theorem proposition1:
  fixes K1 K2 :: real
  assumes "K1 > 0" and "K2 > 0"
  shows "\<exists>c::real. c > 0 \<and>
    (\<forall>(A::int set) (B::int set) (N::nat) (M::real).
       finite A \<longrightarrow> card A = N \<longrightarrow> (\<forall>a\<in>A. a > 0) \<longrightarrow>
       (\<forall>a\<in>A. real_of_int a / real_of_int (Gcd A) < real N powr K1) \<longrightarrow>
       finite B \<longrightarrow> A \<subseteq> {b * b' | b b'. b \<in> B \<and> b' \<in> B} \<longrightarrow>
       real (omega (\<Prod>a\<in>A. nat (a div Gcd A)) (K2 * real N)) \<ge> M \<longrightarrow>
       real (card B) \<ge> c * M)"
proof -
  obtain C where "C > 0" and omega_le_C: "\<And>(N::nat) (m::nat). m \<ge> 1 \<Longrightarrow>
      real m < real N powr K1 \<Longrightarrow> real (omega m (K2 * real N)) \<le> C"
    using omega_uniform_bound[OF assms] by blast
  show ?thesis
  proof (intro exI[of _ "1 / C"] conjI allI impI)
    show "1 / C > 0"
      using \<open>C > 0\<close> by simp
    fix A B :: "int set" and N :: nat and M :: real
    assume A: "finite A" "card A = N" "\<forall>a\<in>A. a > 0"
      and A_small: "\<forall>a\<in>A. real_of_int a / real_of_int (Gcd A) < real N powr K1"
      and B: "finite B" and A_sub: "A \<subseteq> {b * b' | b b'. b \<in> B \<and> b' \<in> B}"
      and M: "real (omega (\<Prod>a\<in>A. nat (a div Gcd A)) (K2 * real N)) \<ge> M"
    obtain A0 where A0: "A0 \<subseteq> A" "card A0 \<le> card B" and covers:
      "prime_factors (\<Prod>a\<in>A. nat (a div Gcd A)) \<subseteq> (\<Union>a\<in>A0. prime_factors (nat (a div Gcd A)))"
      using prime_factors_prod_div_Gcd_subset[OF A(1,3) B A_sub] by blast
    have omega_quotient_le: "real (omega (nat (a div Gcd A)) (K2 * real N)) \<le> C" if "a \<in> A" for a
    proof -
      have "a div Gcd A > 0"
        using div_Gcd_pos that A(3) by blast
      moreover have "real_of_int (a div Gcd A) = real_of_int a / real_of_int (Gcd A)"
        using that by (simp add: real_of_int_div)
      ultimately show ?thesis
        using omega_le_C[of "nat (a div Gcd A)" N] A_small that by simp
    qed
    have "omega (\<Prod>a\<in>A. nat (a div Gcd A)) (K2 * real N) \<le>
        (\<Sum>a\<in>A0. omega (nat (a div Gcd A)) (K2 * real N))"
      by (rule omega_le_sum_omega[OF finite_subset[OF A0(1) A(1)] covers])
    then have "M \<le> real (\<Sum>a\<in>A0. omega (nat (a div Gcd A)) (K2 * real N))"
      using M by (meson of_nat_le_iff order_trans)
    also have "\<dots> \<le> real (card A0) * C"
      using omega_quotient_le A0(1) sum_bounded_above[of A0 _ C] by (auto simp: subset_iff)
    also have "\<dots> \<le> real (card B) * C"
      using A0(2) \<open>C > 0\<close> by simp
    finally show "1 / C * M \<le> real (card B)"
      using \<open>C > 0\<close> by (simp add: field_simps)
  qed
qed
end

--

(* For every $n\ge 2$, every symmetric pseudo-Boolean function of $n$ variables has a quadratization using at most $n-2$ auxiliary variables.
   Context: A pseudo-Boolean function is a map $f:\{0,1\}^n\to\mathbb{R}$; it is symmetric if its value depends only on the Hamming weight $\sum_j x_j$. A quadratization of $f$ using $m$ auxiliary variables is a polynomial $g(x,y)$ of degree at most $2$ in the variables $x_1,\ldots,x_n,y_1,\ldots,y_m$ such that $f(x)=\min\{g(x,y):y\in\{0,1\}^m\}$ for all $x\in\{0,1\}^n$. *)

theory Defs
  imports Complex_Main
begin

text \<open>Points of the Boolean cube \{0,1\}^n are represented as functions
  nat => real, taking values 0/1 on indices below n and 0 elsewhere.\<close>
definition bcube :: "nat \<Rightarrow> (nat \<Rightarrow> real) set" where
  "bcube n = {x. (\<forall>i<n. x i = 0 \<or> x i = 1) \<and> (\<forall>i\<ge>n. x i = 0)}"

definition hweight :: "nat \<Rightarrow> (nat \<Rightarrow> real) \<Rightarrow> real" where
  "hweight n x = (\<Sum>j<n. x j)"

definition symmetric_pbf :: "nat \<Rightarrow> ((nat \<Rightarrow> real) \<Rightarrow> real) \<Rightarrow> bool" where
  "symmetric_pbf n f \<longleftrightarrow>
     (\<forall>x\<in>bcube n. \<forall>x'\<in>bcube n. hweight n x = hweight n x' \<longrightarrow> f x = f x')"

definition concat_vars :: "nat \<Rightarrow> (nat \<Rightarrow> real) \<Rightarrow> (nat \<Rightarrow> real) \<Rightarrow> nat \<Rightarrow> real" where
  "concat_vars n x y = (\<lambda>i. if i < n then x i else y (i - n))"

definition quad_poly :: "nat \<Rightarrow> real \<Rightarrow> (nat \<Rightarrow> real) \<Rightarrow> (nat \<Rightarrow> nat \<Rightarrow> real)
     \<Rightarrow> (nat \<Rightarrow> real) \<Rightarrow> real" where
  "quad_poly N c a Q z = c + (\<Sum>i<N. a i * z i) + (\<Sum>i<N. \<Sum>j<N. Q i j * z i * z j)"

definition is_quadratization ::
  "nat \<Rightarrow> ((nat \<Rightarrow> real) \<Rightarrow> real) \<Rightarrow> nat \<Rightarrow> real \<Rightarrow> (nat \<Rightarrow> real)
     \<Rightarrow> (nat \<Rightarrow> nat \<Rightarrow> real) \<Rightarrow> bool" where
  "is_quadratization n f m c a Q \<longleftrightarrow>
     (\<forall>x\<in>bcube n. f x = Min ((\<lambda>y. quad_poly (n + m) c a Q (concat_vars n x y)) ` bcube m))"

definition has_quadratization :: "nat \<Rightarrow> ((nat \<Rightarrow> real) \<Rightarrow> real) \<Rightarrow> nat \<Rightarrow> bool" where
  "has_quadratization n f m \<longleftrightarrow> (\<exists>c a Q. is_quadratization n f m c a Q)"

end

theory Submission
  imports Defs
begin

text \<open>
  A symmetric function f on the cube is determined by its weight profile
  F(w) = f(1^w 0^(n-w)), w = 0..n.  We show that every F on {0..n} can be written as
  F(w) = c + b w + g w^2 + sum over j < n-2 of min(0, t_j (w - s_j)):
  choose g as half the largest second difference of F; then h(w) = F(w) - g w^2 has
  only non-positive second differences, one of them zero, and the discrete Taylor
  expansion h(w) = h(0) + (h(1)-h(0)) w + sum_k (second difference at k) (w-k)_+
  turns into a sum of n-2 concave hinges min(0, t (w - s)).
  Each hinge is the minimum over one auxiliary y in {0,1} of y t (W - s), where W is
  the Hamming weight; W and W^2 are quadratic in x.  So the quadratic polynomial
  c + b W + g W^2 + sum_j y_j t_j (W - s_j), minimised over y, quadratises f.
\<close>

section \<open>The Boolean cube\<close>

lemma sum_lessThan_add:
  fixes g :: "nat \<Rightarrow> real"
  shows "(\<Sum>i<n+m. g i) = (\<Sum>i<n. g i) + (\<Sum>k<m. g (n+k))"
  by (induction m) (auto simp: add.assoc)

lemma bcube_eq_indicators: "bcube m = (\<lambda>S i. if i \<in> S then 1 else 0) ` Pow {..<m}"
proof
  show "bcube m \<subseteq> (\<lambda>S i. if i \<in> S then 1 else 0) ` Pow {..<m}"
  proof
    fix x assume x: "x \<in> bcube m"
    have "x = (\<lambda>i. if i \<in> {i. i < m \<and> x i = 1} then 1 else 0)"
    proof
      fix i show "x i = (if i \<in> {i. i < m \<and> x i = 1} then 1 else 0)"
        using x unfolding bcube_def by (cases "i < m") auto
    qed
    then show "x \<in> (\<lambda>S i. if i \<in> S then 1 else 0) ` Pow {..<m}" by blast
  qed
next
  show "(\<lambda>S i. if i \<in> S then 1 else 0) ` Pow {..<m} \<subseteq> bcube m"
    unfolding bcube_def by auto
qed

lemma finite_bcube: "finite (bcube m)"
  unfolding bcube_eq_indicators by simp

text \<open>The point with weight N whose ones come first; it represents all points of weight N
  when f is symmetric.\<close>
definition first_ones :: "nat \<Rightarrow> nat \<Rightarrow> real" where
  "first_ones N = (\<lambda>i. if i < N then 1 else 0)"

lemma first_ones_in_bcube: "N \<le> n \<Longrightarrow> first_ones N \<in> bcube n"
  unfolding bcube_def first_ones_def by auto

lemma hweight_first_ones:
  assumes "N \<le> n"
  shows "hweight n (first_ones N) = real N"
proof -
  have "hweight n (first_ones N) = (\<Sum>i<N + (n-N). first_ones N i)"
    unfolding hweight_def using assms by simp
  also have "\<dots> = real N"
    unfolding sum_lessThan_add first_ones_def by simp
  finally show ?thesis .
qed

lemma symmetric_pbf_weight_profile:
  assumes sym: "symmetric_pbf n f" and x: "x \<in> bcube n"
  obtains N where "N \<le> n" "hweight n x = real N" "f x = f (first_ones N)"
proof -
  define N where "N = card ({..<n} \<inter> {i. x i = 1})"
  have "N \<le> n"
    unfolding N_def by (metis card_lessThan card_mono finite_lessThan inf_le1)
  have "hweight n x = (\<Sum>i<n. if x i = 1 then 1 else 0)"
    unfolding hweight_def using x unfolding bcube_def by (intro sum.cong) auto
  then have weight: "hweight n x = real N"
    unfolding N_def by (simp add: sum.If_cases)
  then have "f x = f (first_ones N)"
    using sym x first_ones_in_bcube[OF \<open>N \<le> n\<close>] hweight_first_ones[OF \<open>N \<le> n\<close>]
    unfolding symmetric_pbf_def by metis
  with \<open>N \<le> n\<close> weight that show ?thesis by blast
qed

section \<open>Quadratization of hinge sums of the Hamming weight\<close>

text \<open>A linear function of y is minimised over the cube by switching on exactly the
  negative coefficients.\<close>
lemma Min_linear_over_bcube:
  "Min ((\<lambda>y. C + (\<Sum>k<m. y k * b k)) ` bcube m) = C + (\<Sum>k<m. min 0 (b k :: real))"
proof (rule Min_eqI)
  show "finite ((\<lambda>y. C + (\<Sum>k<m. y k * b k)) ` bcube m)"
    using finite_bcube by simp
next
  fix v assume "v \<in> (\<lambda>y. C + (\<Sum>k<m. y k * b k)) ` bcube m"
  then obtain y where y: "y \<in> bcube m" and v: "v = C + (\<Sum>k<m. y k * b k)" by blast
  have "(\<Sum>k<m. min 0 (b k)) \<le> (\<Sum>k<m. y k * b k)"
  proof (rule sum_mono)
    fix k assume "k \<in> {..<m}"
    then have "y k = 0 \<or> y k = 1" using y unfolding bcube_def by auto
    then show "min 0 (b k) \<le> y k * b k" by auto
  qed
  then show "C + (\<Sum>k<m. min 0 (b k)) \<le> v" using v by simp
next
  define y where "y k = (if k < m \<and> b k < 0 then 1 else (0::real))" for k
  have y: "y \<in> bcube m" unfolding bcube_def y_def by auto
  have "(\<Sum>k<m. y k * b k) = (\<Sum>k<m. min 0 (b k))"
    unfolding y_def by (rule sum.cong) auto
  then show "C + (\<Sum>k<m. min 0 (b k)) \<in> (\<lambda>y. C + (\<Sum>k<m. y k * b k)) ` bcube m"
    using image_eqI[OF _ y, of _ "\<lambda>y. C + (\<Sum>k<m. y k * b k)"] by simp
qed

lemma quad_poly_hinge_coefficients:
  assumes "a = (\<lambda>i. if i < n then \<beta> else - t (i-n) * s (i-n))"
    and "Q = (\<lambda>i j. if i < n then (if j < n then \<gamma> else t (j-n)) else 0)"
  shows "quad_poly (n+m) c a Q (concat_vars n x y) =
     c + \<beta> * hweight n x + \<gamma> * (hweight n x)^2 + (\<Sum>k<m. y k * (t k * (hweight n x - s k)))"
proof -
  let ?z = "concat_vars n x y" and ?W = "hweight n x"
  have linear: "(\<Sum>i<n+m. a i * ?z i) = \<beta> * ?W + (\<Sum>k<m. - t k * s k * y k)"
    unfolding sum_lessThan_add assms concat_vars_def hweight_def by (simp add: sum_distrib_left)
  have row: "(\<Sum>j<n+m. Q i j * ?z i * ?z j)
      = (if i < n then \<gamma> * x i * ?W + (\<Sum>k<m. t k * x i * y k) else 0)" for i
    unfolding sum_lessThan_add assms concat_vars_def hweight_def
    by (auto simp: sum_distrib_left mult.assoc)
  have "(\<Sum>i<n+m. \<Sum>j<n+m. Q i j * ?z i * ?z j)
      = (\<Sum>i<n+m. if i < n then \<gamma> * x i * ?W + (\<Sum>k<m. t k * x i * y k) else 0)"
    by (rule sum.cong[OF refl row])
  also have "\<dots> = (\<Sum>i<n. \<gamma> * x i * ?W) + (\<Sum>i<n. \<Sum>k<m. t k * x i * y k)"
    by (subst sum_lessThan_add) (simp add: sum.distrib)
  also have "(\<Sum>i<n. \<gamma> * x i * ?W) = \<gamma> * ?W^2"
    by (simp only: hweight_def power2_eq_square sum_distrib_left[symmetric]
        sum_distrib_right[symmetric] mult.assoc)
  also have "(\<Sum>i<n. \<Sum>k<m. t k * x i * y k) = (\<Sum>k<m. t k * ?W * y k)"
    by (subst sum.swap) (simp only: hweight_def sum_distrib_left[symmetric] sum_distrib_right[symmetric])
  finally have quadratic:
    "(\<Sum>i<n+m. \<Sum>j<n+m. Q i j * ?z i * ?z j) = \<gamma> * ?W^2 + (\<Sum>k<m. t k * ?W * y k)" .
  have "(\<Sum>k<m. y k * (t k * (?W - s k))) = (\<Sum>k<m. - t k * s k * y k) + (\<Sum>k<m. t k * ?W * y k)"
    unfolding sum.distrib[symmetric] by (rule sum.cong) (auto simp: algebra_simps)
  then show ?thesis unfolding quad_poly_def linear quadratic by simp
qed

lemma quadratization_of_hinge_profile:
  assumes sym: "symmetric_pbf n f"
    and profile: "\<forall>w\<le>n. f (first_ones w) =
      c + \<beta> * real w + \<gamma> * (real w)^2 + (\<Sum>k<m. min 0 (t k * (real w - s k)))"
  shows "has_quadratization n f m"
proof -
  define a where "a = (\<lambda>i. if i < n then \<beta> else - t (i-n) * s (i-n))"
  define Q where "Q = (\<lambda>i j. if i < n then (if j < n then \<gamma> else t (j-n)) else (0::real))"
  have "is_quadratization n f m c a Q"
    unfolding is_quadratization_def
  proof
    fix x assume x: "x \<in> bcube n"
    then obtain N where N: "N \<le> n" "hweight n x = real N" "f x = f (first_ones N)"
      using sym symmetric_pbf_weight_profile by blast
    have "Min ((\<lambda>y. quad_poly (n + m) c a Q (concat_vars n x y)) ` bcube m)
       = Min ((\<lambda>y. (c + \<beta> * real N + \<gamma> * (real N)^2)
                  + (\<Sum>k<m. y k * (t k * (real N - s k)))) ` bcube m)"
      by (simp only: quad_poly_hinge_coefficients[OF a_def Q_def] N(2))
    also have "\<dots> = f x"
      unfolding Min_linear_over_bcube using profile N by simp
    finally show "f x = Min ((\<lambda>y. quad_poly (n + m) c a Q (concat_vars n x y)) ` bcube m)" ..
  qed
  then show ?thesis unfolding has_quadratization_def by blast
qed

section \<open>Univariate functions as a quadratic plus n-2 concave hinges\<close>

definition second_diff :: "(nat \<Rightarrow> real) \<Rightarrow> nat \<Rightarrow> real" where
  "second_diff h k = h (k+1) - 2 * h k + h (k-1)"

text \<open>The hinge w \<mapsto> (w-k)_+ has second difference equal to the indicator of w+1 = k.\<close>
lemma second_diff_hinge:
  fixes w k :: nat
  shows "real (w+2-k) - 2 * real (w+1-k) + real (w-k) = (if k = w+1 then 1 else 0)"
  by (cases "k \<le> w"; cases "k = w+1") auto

* _WHAT YOU SHOULD DO_: Go through the listing above and find each line that contains "section", then copy it.

* _RESULT OF THE TASK_:
section \<open>The Boolean cube\<close>
section \<open>Quadratization of hinge sums of the Hamming weight\<close>
section \<open>Univariate functions as a quadratic plus n-2 concave hinges\<close>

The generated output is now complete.